9, today my girlfriend came to my house, after eating we sat there chatting, my mother told her about all kinds of things when I was a child, and then talked about the rise, my mother had to take out the photo album when I was a child to show my girlfriend the photos of my childhood (there are 7-8 years have not been turned over), and then I will see my father does not speak... I thought it was... Until we looked at it and turned over a pile of hundred dollar bills...

10. Today, I confessed to the student who has been pursuing for half a year, and the student bowed her head and said: "Answer me a question, let me be satisfied with it and promise you!" She thought for a moment and said with a flushed face: "If I am your girlfriend, what do you most want me to accompany you?" I replied without hesitation: "Of course, we are playing the ranking together!" "She gave me a slap, turned her head and left, I was stunned in the same place for half a day to understand, it turned out that she hated me for being low!
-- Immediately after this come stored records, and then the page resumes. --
(* Let $A\in M_{n}(\mathbb{R})$ be a non-singular $n\times n$ matrix that is properly arranged. Then $A$ is diagonally eliminable.
   Context: Gauss-Jordan procedure: for $A\in M_{m,n}(\mathbb{R})$ set $A^{(0)}=A$. For $k\geq 0$, if $A^{(2k)}=[a^{(2k)}_{ij}]$ is defined and $a^{(2k)}_{k+1,k+1}\neq 0$, let $\mathcal{G}_{2k+1}$ be the $m\times m$ diagonal matrix with all diagonal entries $1$ except the $(k+1,k+1)$ entry, which is $1/a^{(2k)}_{k+1,k+1}$, and set $A^{(2k+1)}=\mathcal{G}_{2k+1}A^{(2k)}=[a^{(2k+1)}_{ij}]$; then let $\mathcal{G}_{2k+2}=[g_{ij}]_{m\times m}$ with $g_{ii}=1$, $g_{i,k+1}=-a^{(2k+1)}_{i,k+1}$ for $i\neq k+1$, and all other entries $0$, and set $A^{(2k+2)}=\mathcal{G}_{2k+2}A^{(2k+1)}$. A matrix $A\in M_{m,n}(\mathbb{R})$ of rank $r\geq 1$ is diagonally eliminable up to $r$ if for each $k=1,\dots,r$ the matrix $A^{(2k-2)}$ is defined and $a^{(2k-2)}_{kk}\neq 0$; it is diagonally eliminable if moreover $r=m\leq n$. Minors: $m^{i_1\dots i_p}_{j_1\dots j_p}$ (increasing indices) is the determinant of the submatrix of $A$ with rows $i_1,\dots,i_p$ and columns $j_1,\dots,j_p$; $m_k=m^{1\dots k}_{1\dots k}$. $A$ (of rank $\geq 1$) is properly arranged if $|a_{ij}|\leq|a_{11}|$ for all $i,j$, and for every integer $k$ with $1\leq k<\min\{m,n\}$ one has $|m^{1\dots k\,i}_{1\dots k\,j}|\leq|m_{k+1}|$ for all $k+1\leq i\leq m$, $k+1\leq j\leq n$. *)

theory Defs
  imports "Jordan_Normal_Form.DL_Rank_Submatrix"
begin

(* Matrices are Jordan_Normal_Form matrices; indices are 0-based, so the
   paper's row/column index k+1 corresponds to index k here. *)

definition mat_rank :: "real mat \<Rightarrow> nat" where
  "mat_rank A = vec_space.rank (dim_row A) A"

definition minor :: "real mat \<Rightarrow> nat set \<Rightarrow> nat set \<Rightarrow> real" where
  "minor A I J = det (submatrix A I J)"

definition lead_minor :: "real mat \<Rightarrow> nat \<Rightarrow> real" where
  "lead_minor A k = minor A {0..<k} {0..<k}"

definition gj_G_odd :: "real mat \<Rightarrow> nat \<Rightarrow> real mat" where
  "gj_G_odd B k = mat (dim_row B) (dim_row B)
     (\<lambda>(i,j). if i = j then (if i = k then 1 / B $$ (k,k) else 1) else 0)"

definition gj_G_even :: "real mat \<Rightarrow> nat \<Rightarrow> real mat" where
  "gj_G_even C k = mat (dim_row C) (dim_row C)
     (\<lambda>(i,j). if i = j then 1 else if j = k then - (C $$ (i,k)) else 0)"

(* gj_even A k = A^(2k) if defined, None otherwise *)
fun gj_even :: "real mat \<Rightarrow> nat \<Rightarrow> real mat option" where
  "gj_even A 0 = Some A"
| "gj_even A (Suc k) =
     (case gj_even A k of
        None \<Rightarrow> None
      | Some B \<Rightarrow>
          (if k < dim_row B \<and> k < dim_col B \<and> B $$ (k,k) \<noteq> 0
           then (let C = gj_G_odd B k * B in Some (gj_G_even C k * C))
           else None))"

(* diagonally eliminable up to r: for k = 1..r (paper), i.e. k = 0..r-1 here,
   A^(2k) is defined and its (k,k) entry is nonzero *)
definition diag_elim_up_to :: "real mat \<Rightarrow> nat \<Rightarrow> bool" where
  "diag_elim_up_to A r \<longleftrightarrow>
     (\<forall>k < r. \<exists>B. gj_even A k = Some B \<and> k < dim_row B \<and> k < dim_col B \<and> B $$ (k,k) \<noteq> 0)"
1 Asked a brother for dinner today and he said, "My girlfriend is here too." I said, "Bring it on, and by the way, help you with the check!" "See his girlfriend, the skin is very white!" I said, "Your girlfriend is so white!" The brother said directly, "No matter how white there is black!" ”

12, today by the subway, more people stand by the door, up a small couple, the little boy pulled me away, you are right, take me as a girlfriend, has been walking seven or eight meters, not his girlfriend shouted that he has the meaning of pulling me home, I just want to say, my wrist has your girlfriend two thick, weight is also one hundred and six, you do not feel?

13, see the little niece, the old man's first words are: "How is the exam?" I want to pass on this pain from generation to generation. The little niece replied: My boyfriend and I did not do well in the exam. Uncle what about your girlfriend? After I listened, I reached out and gently pinched the little niece's face, then smiled and said, "She just kissed you...

14, seeing this news, I was suddenly excited, felt that my peach blossoms were transported, but suddenly calmed down and thought: the boss gives me a monthly salary of 20,000 yuan, if her daughter is my girlfriend, then the boss can not pay me a salary, I think this must be the boss in order to save my salary out of the plan, haha, fortunately I read through. So I replied three words: "No."